Unless your dad subscribed to Playboy or Hustler, then, I guess this is EXACTLY his kind of football.
Anywhoo. Here we are. 2009, and we now, officially, have women throwing pigskin while wearing lace and faux fur and… well. That’s it. Lace and faux fur. Is this such a bad thing? Is this really the intersection of men’s passions summed up in one roughly 2 1/2 hour event? Does anyone know the rules? Does anyone care if there are rules? Will anyone watch if we all know, without a shred of a doubt, there will definitely be NO nips slipping or clothes being ripped off?

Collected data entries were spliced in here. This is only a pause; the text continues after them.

(* Let $A$ be a $\boldsymbol{\mathit{ba}\ell}$-algebra, $a\in A$ and $s\in\mathbb R$ with $a+s\ge0$. Then the set $\{rx_{\lnot I}\mid r\in\mathbb R,\ I\in{\sf Arch}(A),\ (a+s-r)^-\in I\}$ is bounded above in $D(\mathbb R[B])$ (by $\|a\|+s+1$), so its join exists there, and the element $$-s+\bigvee\{rx_{\lnot I}\mid r\in\mathbb R,\ I\in{\sf Arch}(A),\ (a+s-r)^-\in I\}$$ does not depend on the choice of $s$ with $a+s\ge 0$. Hence $\alpha:A\to D(\mathbb R[B])$ given by this formula is a well-defined map.
   Context: A $\boldsymbol{\mathit{ba}\ell}$-algebra is a commutative unital lattice-ordered algebra $A$ over $\mathbb R$ that is bounded (for every $a\in A$ there is an integer $n\ge1$ with $a\le n\cdot1$) and archimedean (if $na\le b$ for all $n\ge1$ then $a\le0$); reals $r$ are identified with $r\cdot1$. For $a\in A$: $a^+=a\vee0$, $a^-=(-a)\vee0$, $|a|=a\vee(-a)$, $\|a\|=\inf\{r\in\mathbb R\mid |a|\le r\}$. An $\ell$-ideal is a ring ideal $I$ with $|a|\le|b|$, $b\in I\Rightarrow a\in I$; it is archimedean if $A/I$ is archimedean. ${\sf Arch}(A)$ is the set of archimedean $\ell$-ideals ordered by inclusion; it is a bounded distributive lattice (indeed a frame) with meet $\cap$ and with join $I\vee J$ the least archimedean $\ell$-ideal containing $I\cup J$. $B$ is the free boolean extension of the bounded distributive lattice ${\sf Arch}(A)$ (a boolean algebra generated by ${\sf Arch}(A)$ as a bounded sublattice, such that every bounded lattice homomorphism from ${\sf Arch}(A)$ to a boolean algebra extends uniquely to a boolean homomorphism); ${\sf Arch}(A)\subseteq B$ and $\lnot$ denotes complement in $B$. For a boolean algebra $B$, $\mathbb R[B]$ is the quotient of the polynomial ring $\mathbb R[x_e\mid e\in B]$ by the ideal generated by $x_{e\wedge f}-x_ex_f$, $x_{e\vee f}-(x_e+x_f-x_ex_f)$, $x_{\lnot e}-(1-x_e)$, $x_0$ ($e,f\in B$); it is a $\boldsymbol{\mathit{ba}\ell}$-algebra and $e\mapsto x_e$ is a boolean isomorphism onto its idempotents. $D(\mathbb R[B])$ is its Dedekind completion: the (unique up to isomorphism) Dedekind complete $\boldsymbol{\mathit{ba}\ell}$-algebra containing $\mathbb R[B]$ as a $\boldsymbol{\mathit{ba}\ell}$-subalgebra such that each of its elements is a join of elements of $\mathbb R[B]$. *)

theory Defs
  imports Complex_Main
begin

text \<open>A ba-l-algebra: a commutative unital lattice-ordered real algebra which is
  bounded (every element is below some n*1, n >= 1) and archimedean.
  Reals r are identified with of_real r = r *R 1.\<close>

class bal_algebra = comm_ring_1 + real_algebra_1 + lattice + ordered_ab_group_add +
  assumes bal_mult_nonneg: "0 \<le> a \<Longrightarrow> 0 \<le> b \<Longrightarrow> 0 \<le> a * b"
  and bal_scaleR_nonneg: "0 \<le> r \<Longrightarrow> 0 \<le> a \<Longrightarrow> 0 \<le> r *\<^sub>R a"
  and bal_bounded: "\<exists>n::nat. 1 \<le> n \<and> a \<le> of_nat n"
  and bal_archimedean: "(\<And>n::nat. 1 \<le> n \<Longrightarrow> of_nat n * a \<le> b) \<Longrightarrow> a \<le> 0"

definition pospart :: "'a::bal_algebra \<Rightarrow> 'a" where
  "pospart a = sup a 0"

definition negpart :: "'a::bal_algebra \<Rightarrow> 'a" where
  "negpart a = sup (- a) 0"

definition labs :: "'a::bal_algebra \<Rightarrow> 'a" where
  "labs a = sup a (- a)"

definition bnorm :: "'a::bal_algebra \<Rightarrow> real" where
  "bnorm a = Inf {r::real. labs a \<le> of_real r}"

definition l_ideal :: "'a::bal_algebra set \<Rightarrow> bool" where
  "l_ideal I \<longleftrightarrow> 0 \<in> I \<and> (\<forall>u\<in>I. \<forall>v\<in>I. u + v \<in> I) \<and> (\<forall>u\<in>I. - u \<in> I)
     \<and> (\<forall>u\<in>I. \<forall>c. c * u \<in> I)
     \<and> (\<forall>u v. labs u \<le> labs v \<longrightarrow> v \<in> I \<longrightarrow> u \<in> I)"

Let’s face – we watch football for the same reason we watch hockey – we know that there is a slight chance that someone is going to get seriously hurt. The kind of hurt that shows up at the end of Jerry Maguire. The kind that they play on Sportscenter every 7 minutes for 3 days.
Now, I don’t want the women to get hurt, but I do want that sense of danger. And pain is not danger for me when it comes to a team of women chasing other women wearing little less than a sundress. Almost being naked and rolling around in some sprinklers, or perhaps jello is dangerous enough. However, we ALL know, that ain’t gonna happen.
Oh – and the Chicago team? The “Chicago Bliss”
Final verdict: The league may be filled with hot women, but the idea is a major fail, and not hot.